Top of MATERIAL SUPPLIED
lemma finite_eigenvalues_symmetric:
  fixes A :: "real^'n^'n"
  assumes sym: "transpose A = A" shows "finite {mu. is_eigenvalue A mu}"
proof -
  define E where "E = {mu. is_eigenvalue A mu}"
  have "\<forall>mu\<in>E. \<exists>v. v \<noteq> 0 \<and> A *v v = mu *\<^sub>R v"
    unfolding E_def is_eigenvalue_def by blast
  then obtain w where w_all: "\<forall>mu\<in>E. w mu \<noteq> 0 \<and> A *v w mu = mu *\<^sub>R w mu"
    by (rule bchoice[THEN exE])
  then have w: "\<And>mu. mu \<in> E \<Longrightarrow> w mu \<noteq> 0 \<and> A *v w mu = mu *\<^sub>R w mu" by blast
  have orth: "w mu \<bullet> w nu = 0" if "mu \<in> E" "nu \<in> E" "mu \<noteq> nu" for mu nu
  proof -
    have "mu * (w mu \<bullet> w nu) = (A *v w mu) \<bullet> w nu" using w[OF that(1)] by simp
    also have "\<dots> = w mu \<bullet> (A *v w nu)" by (rule symmetric_matrix_inner[OF sym])
    also have "\<dots> = nu * (w mu \<bullet> w nu)" using w[OF that(2)] by simp
    finally show ?thesis using that(3) by simp
  qed
  have "inj_on w E"
  proof (rule inj_onI)
    fix mu nu assume mu: "mu \<in> E" and nu: "nu \<in> E" and eq: "w mu = w nu"
    have "mu *\<^sub>R w mu = A *v w mu" using w[OF mu] by simp
    also have "\<dots> = nu *\<^sub>R w mu" using w[OF nu] eq by simp
    finally show "mu = nu" using w[OF mu] by simp
  qed
  moreover have "independent (w ` E)"
  proof (rule pairwise_orthogonal_independent)
    show "pairwise orthogonal (w ` E)"
      unfolding pairwise_def orthogonal_def using orth by fastforce
    show "0 \<notin> w ` E" using w by fastforce
  qed
  then have "finite (w ` E)" using independent_bound by blast
  ultimately show ?thesis unfolding E_def[symmetric] by (rule finite_imageD[rotated])
qed

lemma largest_eigenvalue_le:
  fixes A :: "real^'n^'n"
  assumes sym: "transpose A = A" and bound: "\<And>v. v \<bullet> (A *v v) \<le> B * (v \<bullet> v)"
  shows "largest_eigenvalue A \<le> B"
  unfolding largest_eigenvalue_def
proof (rule Max.boundedI)
  show "finite {mu. is_eigenvalue A mu}" by (rule finite_eigenvalues_symmetric[OF sym])
  show "{mu. is_eigenvalue A mu} \<noteq> {}" using symmetric_matrix_has_eigenvalue[OF sym] by blast
next
  fix mu assume "mu \<in> {mu. is_eigenvalue A mu}"
  then obtain v where "v \<noteq> 0" "A *v v = mu *\<^sub>R v" unfolding is_eigenvalue_def by blast
  then have "mu * (v \<bullet> v) \<le> B * (v \<bullet> v)" using bound[of v] by simp
  with \<open>v \<noteq> 0\<close> show "mu \<le> B" by simp
qed

(* The derivative is stated in the shape of the input, so that it can be applied twice. *)
lemma partial_deriv_exp_sum:
  fixes c :: "'t \<Rightarrow> real^'n" assumes "finite S"
  shows "partial_deriv (\<lambda>v. \<Sum>t\<in>S. b t * exp (- (v \<bullet> c t))) k w
    = (\<Sum>t\<in>S. (- c t $ k * b t) * exp (- (w \<bullet> c t)))"
proof -
  have "((\<lambda>s. \<Sum>t\<in>S. b t * exp (- (w \<bullet> c t + s * c t $ k))) has_field_derivative
      (\<Sum>t\<in>S. (- c t $ k * b t) * exp (- (w \<bullet> c t)))) (at 0)"
    by (rule derivative_eq_intros refl | simp add: mult_ac)+
  then show ?thesis
    unfolding partial_deriv_def by (simp add: inner_add_left inner_axis' DERIV_imp_deriv)
qed

lemma hessian_exp_sum:
  fixes c :: "'t \<Rightarrow> real^'n" assumes "finite S"
  shows "hessian (\<lambda>v. \<Sum>t\<in>S. b t * exp (- (v \<bullet> c t))) w
    = (\<chi> k l. \<Sum>t\<in>S. b t * exp (- (w \<bullet> c t)) * c t $ k * c t $ l)"
  unfolding hessian_def partial_deriv_exp_sum[OF assms] by (simp add: mult_ac)

lemma quadratic_form_outer_sum:
  fixes c :: "'t \<Rightarrow> real^'n"
  shows "v \<bullet> ((\<chi> k l. \<Sum>t\<in>S. a t * c t $ k * c t $ l) *v v) = (\<Sum>t\<in>S. a t * (c t \<bullet> v)\<^sup>2)"
  by (simp add: matrix_vector_mult_def inner_vec_def sum_distrib_left sum_distrib_right
      power2_eq_square sum.swap[of _ S] mult_ac)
Bottom of MATERIAL SUPPLIED
▸ WHAT YOU SHOULD DO
Output the records in full. Match them exactly.

▸ RESPONSE AREA
lemma finite_eigenvalues_symmetric:
  fixes A :: "real^'n^'n"
  assumes sym: "transpose A = A" shows "finite {mu. is_eigenvalue A mu}"
proof -
  define E where "E = {mu. is_eigenvalue A mu}"
  have "\<forall>mu\<in>E. \<exists>v. v \<noteq> 0 \<and> A *v v = mu *\<^sub>R v"
    unfolding E_def is_eigenvalue_def by blast
  then obtain w where w_all: "\<forall>mu\<in>E. w mu \<noteq> 0 \<and> A *v w mu = mu *\<^sub>R w mu"
    by (rule bchoice[THEN exE])
  then have w: "\<And>mu. mu \<in> E \<Longrightarrow> w mu \<noteq> 0 \<and> A *v w mu = mu *\<^sub>R w mu" by blast
  have orth: "w mu \<bullet> w nu = 0" if "mu \<in> E" "nu \<in> E" "mu \<noteq> nu" for mu nu
  proof -
    have "mu * (w mu \<bullet> w nu) = (A *v w mu) \<bullet> w nu" using w[OF that(1)] by simp
    also have "\<dots> = w mu \<bullet> (A *v w nu)" by (rule symmetric_matrix_inner[OF sym])
    also have "\<dots> = nu * (w mu \<bullet> w nu)" using w[OF that(2)] by simp
    finally show ?thesis using that(3) by simp
  qed
  have "inj_on w E"
  proof (rule inj_onI)
    fix mu nu assume mu: "mu \<in> E" and nu: "nu \<in> E" and eq: "w mu = w nu"
    have "mu *\<^sub>R w mu = A *v w mu" using w[OF mu] by simp
    also have "\<dots> = nu *\<^sub>R w mu" using w[OF nu] eq by simp
    finally show "mu = nu" using w[OF mu] by simp
  qed
  moreover have "independent (w ` E)"
  proof (rule pairwise_orthogonal_independent)
    show "pairwise orthogonal (w ` E)"
      unfolding pairwise_def orthogonal_def using orth by fastforce
    show "0 \<notin> w ` E" using w by fastforce
  qed
  then have "finite (w ` E)" using independent_bound by blast
  ultimately show ?thesis unfolding E_def[symmetric] by (rule finite_imageD[rotated])
qed

lemma largest_eigenvalue_le:
  fixes A :: "real^'n^'n"
  assumes sym: "transpose A = A" and bound: "\<And>v. v \<bullet> (A *v v) \<le> B * (v \<bullet> v)"
  shows "largest_eigenvalue A \<le> B"
  unfolding largest_eigenvalue_def
proof (rule Max.boundedI)
  show "finite {mu. is_eigenvalue A mu}" by (rule finite_eigenvalues_symmetric[OF sym])
  show "{mu. is_eigenvalue A mu} \<noteq> {}" using symmetric_matrix_has_eigenvalue[OF sym] by blast
next
  fix mu assume "mu \<in> {mu. is_eigenvalue A mu}"
  then obtain v where "v \<noteq> 0" "A *v v = mu *\<^sub>R v" unfolding is_eigenvalue_def by blast
  then have "mu * (v \<bullet> v) \<le> B * (v \<bullet> v)" using bound[of v] by simp
  with \<open>v \<noteq> 0\<close> show "mu \<le> B" by simp
qed

(* The derivative is stated in the shape of the input, so that it can be applied twice. *)
lemma partial_deriv_exp_sum:
  fixes c :: "'t \<Rightarrow> real^'n" assumes "finite S"
  shows "partial_deriv (\<lambda>v. \<Sum>t\<in>S. b t * exp (- (v \<bullet> c t))) k w
    = (\<Sum>t\<in>S. (- c t $ k * b t) * exp (- (w \<bullet> c t)))"
proof -
  have "((\<lambda>s. \<Sum>t\<in>S. b t * exp (- (w \<bullet> c t + s * c t $ k))) has_field_derivative
      (\<Sum>t\<in>S. (- c t $ k * b t) * exp (- (w \<bullet> c t)))) (at 0)"
    by (rule derivative_eq_intros refl | simp add: mult_ac)+
  then show ?thesis
    unfolding partial_deriv_def by (simp add: inner_add_left inner_axis' DERIV_imp_deriv)
qed

lemma hessian_exp_sum:
  fixes c :: "'t \<Rightarrow> real^'n" assumes "finite S"
  shows "hessian (\<lambda>v. \<Sum>t\<in>S. b t * exp (- (v \<bullet> c t))) w
    = (\<chi> k l. \<Sum>t\<in>S. b t * exp (- (w \<bullet> c t)) * c t $ k * c t $ l)"
  unfolding hessian_def partial_deriv_exp_sum[OF assms] by (simp add: mult_ac)

lemma quadratic_form_outer_sum:
  fixes c :: "'t \<Rightarrow> real^'n"
  shows "v \<bullet> ((\<chi> k l. \<Sum>t\<in>S. a t * c t $ k * c t $ l) *v v) = (\<Sum>t\<in>S. a t * (c t \<bullet> v)\<^sup>2)"
  by (simp add: matrix_vector_mult_def inner_vec_def sum_distrib_left sum_distrib_right
      power2_eq_square sum.swap[of _ S] mult_ac)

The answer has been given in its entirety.